I created a forum pitting Kharn and The Decapitator against eachother. In this topic many people saw other heros as more powerful. So, if there a tournament in the 40K universe including all heros and races, who would come out on top and why do you think they would? These would be simple one vs one matches, no retinues of any kind. 

And lets try to stray away from the obvious like Horus, Pre-Heresy Emperor, the Necron gods, and people like that. Let's make this a fair tournament. 

My vote goes towards the Deathleaper. He is quite, deadly, and fast. While normal Lictors have un-heard of stealth, strength, and cunning the Deathleaper has all their skills times 10. He is most known for his killings on St. Caspalen. This story is found in the Tyranid codex. The Deathleaper infiltrated the Cardinal of St. Caspalens bunker, killing everyone except for the Cardinal himself. The Deathleaper continued doing this for ten days, each time bypassing increasing security. He did this rather than just killing the Cardianl because he knew that killing the Cardinal would only create a martyr, so he decided to break the Cardinals mind, thus breaking the moral of the entire planet. 

Anybody think they can take down my bug?


----------



## DrinCalhar (Jul 10, 2010)

Garviel Loken, why not.


----------



## Imperious (May 20, 2009)

Marbo FTW!

Remember he's behind you...


----------



## locustgate (Dec 6, 2009)

Er....it's to unfair to include the necron gods.. For xenos I would have to go with O'shava, he's got a battle suit and a possible demon weapon...The suit has multiple features....... Humans........Marbo im sorry but the fluff I've seen him in he is EPIC


----------



## MuSigma (Jul 8, 2010)

*Telos* of the *Soul Drinkers* (post mutation) might be the toughest badass ever.

First he was mutated by Tzeentch, then maybe Nurgle (not sure, he got left behind on a Nurgle planet and his body was impervious to bullets after that, they went into his body and it healed slimey like - very nurgleish) then turns up a fully blown Khorne worshipper. So possibly multi chaos blessed impervious to harm and having two chainsaws stuck into the stumps of his handless arms as well as all the marine implants he had to begin with.


----------



## SoL Berzerker (May 5, 2009)

Sorry for not adding this. http://wh40k.lexicanum.com/wiki/Deathleaper 

The challenge with my bug is finding him. An exact copy of the deathleaper was captured once, however, the Deathleaper escaped into space aboard a freighter, killed the crew, and escaped aboard a second ship which came to investigate. If he was able to pull something like this off, there are no limits to his stealth abilities. 

In my oppinion, the closest one to beating my bug, if not beating him, is Garviel Loken. What tips the scale towards him, in my oppinion, is that he is the only being to ever defeat Kharn in 1 vs 1 combat.

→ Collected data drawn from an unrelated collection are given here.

(* Let $X$ and $Y$ be metrizable spaces that are locally compact and $\sigma$-compact, let $G$ be a group, and let $\varphi\colon G\times X\to X$ and $\psi\colon G\times Y\to Y$ be metric-independent expansive (MIE) actions. Then the coproduct action of $G$ on the disjoint union $X\sqcup Y$ (acting by $\varphi$ on $X$ and by $\psi$ on $Y$) is MIE.
   Context: For a metric $d$ on a space $Z$, an action of $G$ on $Z$ is expansive with respect to $d$ if there is $c>0$ such that for all $x\neq y$ in $Z$ there is $g\in G$ with $d(g\cdot x,g\cdot y)>c$. The action is metric-independent expansive (MIE) if it is expansive with respect to every metric compatible with the topology of $Z$. *)

theory Defs
  imports "HOL-Analysis.Analysis" "HOL-Algebra.Group_Action"
begin

definition sigma_compact_space :: "'a topology \<Rightarrow> bool" where
  "sigma_compact_space X \<longleftrightarrow>
     (\<exists>\<K>. countable \<K> \<and> (\<forall>K\<in>\<K>. compactin X K) \<and> \<Union>\<K> = topspace X)"

definition compatible_metric :: "'a topology \<Rightarrow> ('a \<Rightarrow> 'a \<Rightarrow> real) \<Rightarrow> bool" where
  "compatible_metric Z d \<longleftrightarrow>
     Metric_space (topspace Z) d \<and> Metric_space.mtopology (topspace Z) d = Z"

definition expansive_wrt ::
  "('g, 'm) monoid_scheme \<Rightarrow> 'a topology \<Rightarrow> ('g \<Rightarrow> 'a \<Rightarrow> 'a) \<Rightarrow> ('a \<Rightarrow> 'a \<Rightarrow> real) \<Rightarrow> bool" where
  "expansive_wrt G Z \<phi> d \<longleftrightarrow>
     (\<exists>c>0. \<forall>x\<in>topspace Z. \<forall>y\<in>topspace Z. x \<noteq> y \<longrightarrow>
        (\<exists>g\<in>carrier G. d (\<phi> g x) (\<phi> g y) > c))"

definition MIE ::
  "('g, 'm) monoid_scheme \<Rightarrow> 'a topology \<Rightarrow> ('g \<Rightarrow> 'a \<Rightarrow> 'a) \<Rightarrow> bool" where
  "MIE G Z \<phi> \<longleftrightarrow> (\<forall>d. compatible_metric Z d \<longrightarrow> expansive_wrt G Z \<phi> d)"

definition continuous_action ::
  "('g, 'm) monoid_scheme \<Rightarrow> 'a topology \<Rightarrow> ('g \<Rightarrow> 'a \<Rightarrow> 'a) \<Rightarrow> bool" where
  "continuous_action G X \<phi> \<longleftrightarrow>
     group_action G (topspace X) \<phi> \<and> (\<forall>g\<in>carrier G. continuous_map X X (\<phi> g))"

definition disjoint_union_topology :: "'a topology \<Rightarrow> 'b topology \<Rightarrow> ('a + 'b) topology" where
  "disjoint_union_topology X Y = topology (\<lambda>U.
      U \<subseteq> Inl ` topspace X \<union> Inr ` topspace Y \<and> openin X (Inl -` U) \<and> openin Y (Inr -` U))"

definition coproduct_action ::
  "('g \<Rightarrow> 'a \<Rightarrow> 'a) \<Rightarrow> ('g \<Rightarrow> 'b \<Rightarrow> 'b) \<Rightarrow> 'g \<Rightarrow> 'a + 'b \<Rightarrow> 'a + 'b" where
  "coproduct_action \<phi> \<psi> g z = (case z of Inl x \<Rightarrow> Inl (\<phi> g x) | Inr y \<Rightarrow> Inr (\<psi> g y))"

end

theory Submission
  imports Defs
begin

(* Restricting a compatible metric d on X + Y to the summands gives compatible metrics on X and Y,
   so expansiveness separates pairs of points lying in the same summand. For a mixed pair (x, y),
   let r x be the distance from Inl x to the Y-part (capped at 1): it is positive because the
   X-part is open, and 1-Lipschitz, so min (d x x') (r x + r x') is again a compatible metric on X,
   with some expansive constant c. If orbits of mixed pairs were not uniformly separated, there would
   be mixed pairs (x1, y1), (x2, y2) whose orbits stay within c/4 and within r x1 / 2, respectively;
   then x1 \<noteq> x2, but g x1 and g x2 are both within c/4 of the Y-part for every g, so their modified
   distance is at most c/2, contradicting expansiveness. *)

lemma istopology_disjoint_union:
  "istopology (\<lambda>U. U \<subseteq> Inl ` topspace X \<union> Inr ` topspace Y \<and> openin X (Inl -` U) \<and> openin Y (Inr -` U))"
  by (auto simp: istopology_def vimage_Union)

lemma openin_disjoint_union_topology:
  "openin (disjoint_union_topology X Y) U \<longleftrightarrow>
     U \<subseteq> Inl ` topspace X \<union> Inr ` topspace Y \<and> openin X (Inl -` U) \<and> openin Y (Inr -` U)"
  unfolding disjoint_union_topology_def
  using istopology_disjoint_union[of X Y] by simp

lemma vimage_Inl_Inr_image [simp]:
  "Inl -` Inl ` A = A" "Inl -` Inr ` B = {}" "Inr -` Inr ` B = B" "Inr -` Inl ` A = {}"
  by auto

lemma topspace_disjoint_union_topology:
  "topspace (disjoint_union_topology X Y) = Inl ` topspace X \<union> Inr ` topspace Y"
proof -
  have "openin (disjoint_union_topology X Y) (Inl ` topspace X \<union> Inr ` topspace Y)"
    by (simp add: openin_disjoint_union_topology)
  then show ?thesis
    by (metis openin_disjoint_union_topology openin_subset openin_topspace subset_antisym)
qed

lemma embedding_map_Inl: "embedding_map X (disjoint_union_topology X Y) Inl"
proof (rule injective_open_imp_embedding_map)
  have "{x \<in> topspace X. Inl x \<in> U} = Inl -` U" if "openin X (Inl -` U)" for U :: "('a + 'b) set"
    using openin_subset[OF that] by auto
  then show "continuous_map X (disjoint_union_topology X Y) Inl"
    by (auto simp: continuous_map_def topspace_disjoint_union_topology openin_disjoint_union_topology)
  show "open_map X (disjoint_union_topology X Y) Inl"
    by (auto simp: open_map_def openin_disjoint_union_topology dest: openin_subset)
qed simp

lemma embedding_map_Inr:
  fixes X :: "'a topology" and Y :: "'b topology"
  shows "embedding_map Y (disjoint_union_topology X Y) Inr"
proof (rule injective_open_imp_embedding_map)
  have "{y \<in> topspace Y. Inr y \<in> U} = Inr -` U" if "openin Y (Inr -` U)" for U :: "('a + 'b) set"
    using openin_subset[OF that] by auto
  then show "continuous_map Y (disjoint_union_topology X Y) Inr"
    by (auto simp: continuous_map_def topspace_disjoint_union_topology openin_disjoint_union_topology)
  show "open_map Y (disjoint_union_topology X Y) Inr"
    by (auto simp: open_map_def openin_disjoint_union_topology dest: openin_subset)
qed simp

lemma embedding_map_eq_topology:
  assumes "embedding_map X Z f" "embedding_map X' Z f" "topspace X = topspace X'"
  shows "X = X'"
  using assms unfolding embedding_map_def topology_eq
  by (metis homeomorphic_map_openness_eq)

lemma compatible_metric_pullback:
  assumes d: "compatible_metric Z d" and f: "embedding_map X Z f"
  shows "compatible_metric X (\<lambda>a b. d (f a) (f b))"
proof -
  interpret Z: Metric_space "topspace Z" d
    using d by (simp add: compatible_metric_def)
  have "inj_on f (topspace X)"
    using f by (simp add: embedding_map_def homeomorphic_map_def)
  moreover have "f \<in> topspace X \<rightarrow> topspace Z"
    using f homeomorphic_imp_continuous_map continuous_map_funspace
    by (fastforce simp: embedding_map_def continuous_map_in_subtopology)
  ultimately interpret Metric_space12 "topspace X" "\<lambda>a b. d (f a) (f b)" "topspace Z" d
    by unfold_locales (auto simp: Z.commute Z.triangle inj_on_eq_iff Pi_iff)
  have "embedding_map M1.mtopology Z f"
    using isometry_imp_embedding_map \<open>f \<in> _ \<rightarrow> _\<close> d by (simp add: compatible_metric_def)
  then have "M1.mtopology = X"
    using f by (intro embedding_map_eq_topology) auto
  then show ?thesis
    by (simp add: compatible_metric_def M1.Metric_space_axioms)
qed

lemma (in Metric_space) mtopology_eq_if_locally_eq:
  assumes "Metric_space M \<rho>" and le: "\<And>a b. \<rho> a b \<le> d a b"
    and loc: "\<And>a. a \<in> M \<Longrightarrow> \<exists>\<epsilon>>0. \<forall>b\<in>M. \<rho> a b < \<epsilon> \<longrightarrow> d a b = \<rho> a b"
  shows "Metric_space.mtopology M \<rho> = mtopology"
proof -
  interpret R: Metric_space M \<rho> by fact
  have "(\<exists>s>0. R.mball a s \<subseteq> U) \<longleftrightarrow> (\<exists>s>0. mball a s \<subseteq> U)" if "a \<in> M" for a U
  proof
    assume "\<exists>s>0. R.mball a s \<subseteq> U"
    moreover have "mball a s \<subseteq> R.mball a s" for s
      by (auto intro: le_less_trans[OF le])
    ultimately show "\<exists>s>0. mball a s \<subseteq> U"
      by blast
  next
    assume "\<exists>s>0. mball a s \<subseteq> U"
    then obtain s where "s > 0" "mball a s \<subseteq> U"
      by blast
    moreover obtain \<epsilon> where "\<epsilon> > 0" "\<forall>b\<in>M. \<rho> a b < \<epsilon> \<longrightarrow> d a b = \<rho> a b"
      using loc \<open>a \<in> M\<close> by blast
    ultimately have "R.mball a (min s \<epsilon>) \<subseteq> U"
      by force
    then show "\<exists>s>0. R.mball a s \<subseteq> U"
      using \<open>s > 0\<close> \<open>\<epsilon> > 0\<close> by (intro exI[of _ "min s \<epsilon>"]) auto
  qed
  then show ?thesis
    unfolding topology_eq openin_mtopology R.openin_mtopology by blast
qed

The fight between the Deathleaper and Loken would be like the one with Kharn vs Decapitator, the Deathleaper has the edge at first with his stealth, but if he does not kill Loken fast, Loken will eventually get my bug. 

Marbo, as bada** as he is, I highly doubt he can compete with a xeno with the express purpose of assassinating assassins and key targets. The Deathleaper is a stress result of normal Lictors being taken out by better assassins. 

O'Shava, this would be tough as well. Seeing how we cannot tell if O'Shava would have the tech. to spot the Deathleaper right away, or if the Deathleapers camo would keep him from detection. It would again be much like the fight with Loken.


----------



## SoL Berzerker (May 5, 2009)

As for Tellos, he sounds a bit to much like Horus or Abbadon(Spelling?). Since he is impervious to harm, he sounds slightly out of bounds. What was he like before mutation, is there any fluff?


----------



## jfvz (Oct 23, 2010)

Think ill throw in another bug 2 this match, the doom of malan'tai (or leach as i like 2 call it) lays waste 2 an entire eldar craftworld with little 2 no help, a feat that is very impressive for an entire army. It "snaps wraithbone warconstraints and shatters towering spires with the mearest exurestion of its mind"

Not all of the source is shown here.